::: SUPPLIED RECORDS

(* Let $M(n)$ denote the maximum of $\sigma_2(G)$ over all connected graphs $G$ with $n$ vertices. Then $M(n)=\frac{n^4}{32}+O(n^3)$ as $n\to\infty$.
   Context: All graphs are finite, simple, undirected. For a connected graph $G$ and $u\in V(G)$, the eccentricity $\varepsilon_G(u)=\max_{v\in V(G)} d_G(u,v)$, where $d_G$ is the shortest-path distance. The second Zagreb eccentricity index is $\sigma_2(G)=\sum_{uv\in E(G)}\varepsilon_G(u)\varepsilon_G(v)$. *)

theory Defs
  imports Main "HOL-Library.Landau_Symbols"
begin

definition simple_graph :: "nat \<Rightarrow> (nat \<Rightarrow> nat \<Rightarrow> bool) \<Rightarrow> bool" where
  "simple_graph n E \<longleftrightarrow> (\<forall>u v. E u v \<longrightarrow> u < n \<and> v < n \<and> u \<noteq> v \<and> E v u)"

definition adj_rel :: "(nat \<Rightarrow> nat \<Rightarrow> bool) \<Rightarrow> (nat \<times> nat) set" where
  "adj_rel E = {(u, v). E u v}"

definition connected_graph :: "nat \<Rightarrow> (nat \<Rightarrow> nat \<Rightarrow> bool) \<Rightarrow> bool" where
  "connected_graph n E \<longleftrightarrow> simple_graph n E \<and>
     (\<forall>u v. u < n \<longrightarrow> v < n \<longrightarrow> (u, v) \<in> (adj_rel E)\<^sup>*)"

definition gdist :: "(nat \<Rightarrow> nat \<Rightarrow> bool) \<Rightarrow> nat \<Rightarrow> nat \<Rightarrow> nat" where
  "gdist E u v = (LEAST k. (u, v) \<in> adj_rel E ^^ k)"

definition ecc :: "nat \<Rightarrow> (nat \<Rightarrow> nat \<Rightarrow> bool) \<Rightarrow> nat \<Rightarrow> nat" where
  "ecc n E u = Max {gdist E u v | v. v < n}"

definition sigma2 :: "nat \<Rightarrow> (nat \<Rightarrow> nat \<Rightarrow> bool) \<Rightarrow> nat" where
  "sigma2 n E = (\<Sum>(u, v) \<in> {(u, v). u < v \<and> v < n \<and> E u v}. ecc n E u * ecc n E v)"

definition M :: "nat \<Rightarrow> nat" where
  "M n = Max {sigma2 n E | E. connected_graph n E}"

end

theory Submission
  imports Defs
begin

text \<open>Upper bound: let D be the diameter and P the vertex set of a geodesic of length D.
  Every eccentricity is at most D, and every vertex has at most three neighbours on P
  (their distances from the start of the geodesic differ by at most one), so at most
  3n edges meet P while the others lie among the n - D - 1 remaining vertices.
  Hence sigma2 \<le> ((n - D - 1)^2/2 + 3n) D^2 \<le> n^4/32 + 3n^3 by AM-GM.
  Lower bound: a clique on n/2 vertices with a pendant path of n/2 vertices; every clique
  vertex has eccentricity at least n/2.\<close>

lemma gdist_le: "(u, v) \<in> adj_rel E ^^ k \<Longrightarrow> gdist E u v \<le> k"
  unfolding gdist_def by (rule Least_le)

lemma gdist_relpow:
  assumes "connected_graph n E" "u < n" "v < n"
  shows "(u, v) \<in> adj_rel E ^^ gdist E u v"
proof -
  have "(u, v) \<in> (adj_rel E)\<^sup>*" using assms unfolding connected_graph_def by blast
  then obtain k where "(u, v) \<in> adj_rel E ^^ k" using rtrancl_power by blast
  then show ?thesis unfolding gdist_def by (rule LeastI)
qed

lemma gdist_edge_le:
  assumes "connected_graph n E" "a < n" "x < n" "E x y"
  shows "gdist E a y \<le> gdist E a x + 1"
proof -
  have "(a, x) \<in> adj_rel E ^^ gdist E a x" using gdist_relpow assms by blast
  moreover have "(x, y) \<in> adj_rel E" using assms(4) by (simp add: adj_rel_def)
  ultimately have "(a, y) \<in> adj_rel E ^^ Suc (gdist E a x)" by (rule relpow_Suc_I)
  then show ?thesis using gdist_le by fastforce
qed

lemma gdist_adjacent:
  assumes "connected_graph n E" "a < n" "E x y"
  shows "gdist E a y \<le> gdist E a x + 1" "gdist E a x \<le> gdist E a y + 1"
proof -
  have "x < n" "y < n" "E y x"
    using assms(1,3) unfolding connected_graph_def simple_graph_def by blast+
  then show "gdist E a y \<le> gdist E a x + 1" "gdist E a x \<le> gdist E a y + 1"
    using gdist_edge_le[OF assms(1,2)] assms(3) by blast+
qed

::::::

Check each line above for the word "shows" and give the number of lines that have it, nothing else.

3